It doesn’t take a genius to figure out that hospitals could dramatically reduce the hundreds of thousands of deaths and injuries they unintentionally cause patients ever year, but it may take a genius to coax change out of ossified organizations. As for getting hospitals to publicly disclose injuries and deaths the law says they must? That’s another story entirely.

On the good news front, The MacArthur Foundation has just honored Johns Hopkins’ Dr. Peter Pronovost with a “genius award,” the informal moniker for the go-and-do-smart-stuff prize given to MacArthur Fellows.

Pronovost, you may recall, is the critical care physician who came up with the idea of culling lengthy guidelines on error prevention in the ICU into a simple checklist of five precautionary steps. When tested in ICUs throughout Michigan, the result was to “change the culture of [the] institutions in the interest of reducing the risk of medical errors and hospital-acquired infections,” the foundation noted. “Pronovost’s checklist intervention yielded a significant and sizeable decrease in rates of infection and is currently being replicated by hospitals across the U.S. and Europe.”

While the achievement itself is good news, there are other reasons to cheer. To begin with, this is the first time that patient safety and quality improvement work has received the kind of high-prestige recognition that usually goes to traditional medical achievements. (The foundation honored those, as well.) The MacArthur grant is undoubtedly linked to last December’s profile of Pronovost in The New Yorker by fellow physician and quality improvement advocate Dr. Atul Gawande. The second piece of good news is that Pronovost is relatively young (43), which both inspires his peers and helps institutionalize this work. Lastly, the award will help Pronovost attract future funding for his continuing efforts.

Out of the spotlight, however, cultural change remains slow. The Philadelphia Inquirer’s Josh Goldstein, an old-school investigative reporter, reports that hospitals in Pennsylvania and New Jersey are not always complying with laws requiring them to tell state agencies about mistakes and serious complications, thereby “undermining efforts to improve patient safety.”

In New Jersey, for instance, five of the state’s 80 hospitals failed to report a single preventable mistake last year. In Pennsylvania, some facilities didn’t report any serious events or even the near misses that might have harmed patients.
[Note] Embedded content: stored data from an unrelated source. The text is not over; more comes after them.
lemma S_norm_upper:
  assumes "X \<in> carrier_mat (n*m) (n*m)" "unit_vec_of (n*m) v" "unit_vec_of (n*m) w"
    "schmidt_rank n m v \<le> k" "schmidt_rank n m w \<le> k"
  shows "cmod ((X *\<^sub>v v) \<bullet>c w) \<le> S_norm n m k X"
  unfolding S_norm_def by (rule cSup_upper[OF _ S_norm_set_bdd_above[OF assms(1)]]) (use assms in blast)

lemma cscalar_mult_mat_vec_le_S_norm:
  assumes X: "X \<in> carrier_mat (n*m) (n*m)"
    and x: "x \<in> carrier_vec (n*m)" and y: "y \<in> carrier_vec (n*m)"
    and sx: "schmidt_rank n m x \<le> k" and sy: "schmidt_rank n m y \<le> k"
  shows "cmod ((X *\<^sub>v x) \<bullet>c y) \<le> S_norm n m k X * sqrt (Re (x \<bullet>c x)) * sqrt (Re (y \<bullet>c y))"
proof -
  let ?rx = "sqrt (Re (x \<bullet>c x))" and ?ry = "sqrt (Re (y \<bullet>c y))"
  show ?thesis
  proof (cases "?rx = 0 \<or> ?ry = 0")
    case True
    then have "x = 0\<^sub>v (n*m) \<or> y = 0\<^sub>v (n*m)"
      using vec_eq_zero_if_Re_cscalar_self_zero[OF x] vec_eq_zero_if_Re_cscalar_self_zero[OF y] by auto
    then have "(X *\<^sub>v x) \<bullet>c y = 0" using x y unfolding cscalar_mult_mat_vec[OF X x y] by auto
    then show ?thesis using True by auto
  next
    case False
    have rx: "0 < ?rx" using False Re_cscalar_self_nonneg[OF x] by simp
    have ry: "0 < ?ry" using False Re_cscalar_self_nonneg[OF y] by simp
    let ?x = "complex_of_real (1 / ?rx) \<cdot>\<^sub>v x" and ?y = "complex_of_real (1 / ?ry) \<cdot>\<^sub>v y"
    have "cmod ((X *\<^sub>v ?x) \<bullet>c ?y) \<le> S_norm n m k X"
      using S_norm_upper[OF X unit_vec_of_normalize[OF x rx] unit_vec_of_normalize[OF y ry]]
        order.trans[OF schmidt_rank_smult_le[OF x] sx] order.trans[OF schmidt_rank_smult_le[OF y] sy]
      by blast
    moreover have "cmod ((X *\<^sub>v ?x) \<bullet>c ?y) = cmod ((X *\<^sub>v x) \<bullet>c y) / (?rx * ?ry)"
    proof -
      have "cmod (complex_of_real ?ry * complex_of_real ?rx) = ?rx * ?ry" using rx ry by (simp add: norm_mult)
      then show ?thesis unfolding cscalar_mult_mat_vec_smult[OF X x y] using rx ry by (simp add: norm_divide)
    qed
    ultimately have "cmod ((X *\<^sub>v x) \<bullet>c y) / (?rx * ?ry) \<le> S_norm n m k X" by simp
    then show ?thesis using rx ry by (simp add: field_simps mult.assoc)
  qed
qed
The same problem is cropping up in squeaky clean, do-gooder Oregon. The Portland Tribune reports that 54 of the state’s 57 hospitals have signed up to voluntarily and anonymously report errors to a state agency, but these same hospitals “rarely will…follow state rules that they report the mistakes to the families of their victims.”  A report by the Oregon Patient Safety Commission found that in all of 2007 hospitals notified patients or their families only 25 times of serious adverse events, while experts estimate that 800 to 1,700 such events happen every year.
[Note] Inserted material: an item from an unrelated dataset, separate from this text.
(* Let $\mathcal{H}=\bigotimes_{i=1}^n\mathbb{C}^{d_i}$, let $|\psi\rangle\in\mathcal{H}$ be a fully entangled pure state, and let $g=g_1\otimes\cdots\otimes g_n$ and $h=h_1\otimes\cdots\otimes h_n$ with $g_i,h_i\in GL(d_i,\mathbb{C})$. Put $G=g^\dagger g$, $H=h^\dagger h$ and $r=\|h|\psi\rangle\|^2/\|g|\psi\rangle\|^2$. Then the state $g|\psi\rangle$ can be transformed into the state $h|\psi\rangle$ via SEP if and only if there exist a finite set of probabilities $p_k\ge 0$ with $\sum_k p_k=1$, symmetries $\{S_k\}_k\subseteq\mathcal{S}_\psi$, and finitely many local matrices $N_q\in\mathcal{N}_{g\psi}$ such that $$\frac{1}{r}\sum_k p_k S_k^\dagger H S_k+g^\dagger\Big(\sum_q N_q^\dagger N_q\Big)g=G.$$
   Context: A pure state $|\psi\rangle\in\bigotimes_{i=1}^n\mathbb{C}^{d_i}$ is fully entangled if each single-party reduced density matrix $\rho_i$ has rank $d_i$. A CPTP map $\Lambda$ on $\mathcal{B}(\mathcal{H})$ is in SEP if it has a Kraus decomposition $\Lambda(X)=\sum_i K_iXK_i^\dagger$, $\sum_i K_i^\dagger K_i=\mathbb{1}$, with every $K_i=\bigotimes_{j=1}^n K_i^{(j)}$, $K_i^{(j)}\in M(d_j,\mathbb{C})$. A (possibly unnormalized) state $|\alpha\rangle$ can be transformed into $|\beta\rangle$ via a class of maps if some map $\Lambda$ in the class satisfies $\Lambda(|\alpha\rangle\langle\alpha|/\langle\alpha|\alpha\rangle)=|\beta\rangle\langle\beta|/\langle\beta|\beta\rangle$. The stabilizer $\mathcal{S}_\psi$ is the set of operators $S=S^{(1)}\otimes\cdots\otimes S^{(n)}$ with $S^{(i)}\in GL(d_i,\mathbb{C})$ and $S|\psi\rangle=|\psi\rangle$. For a vector $|\chi\rangle$, $\mathcal{N}_{\chi}$ is the set of operators $N=N^{(1)}\otimes\cdots\otimes N^{(n)}$ with $N^{(i)}\in M(d_i,\mathbb{C})$ and $N|\chi\rangle=0$; here $\mathcal{N}_{g\psi}$ refers to $|\chi\rangle=g|\psi\rangle$. *)

theory Defs
  imports Complex_Main "Jordan_Normal_Form.DL_Rank"
begin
Way back in 1994, a brave woman named Karen Burton sued an Iowa hospital for access to its nosocomial infection rate before she’d get elective surgery for an ear problem. It took until 1997 for her to lose in the state Supreme Court, which accepted the argument of the hospital and its association that doctors would stop reporting infections if the public was going to find out about them. Turns out some hospitals feel the same way, even when it’s the law. It doesn’t take a genius to know what state attorneys-general could do to change their minds.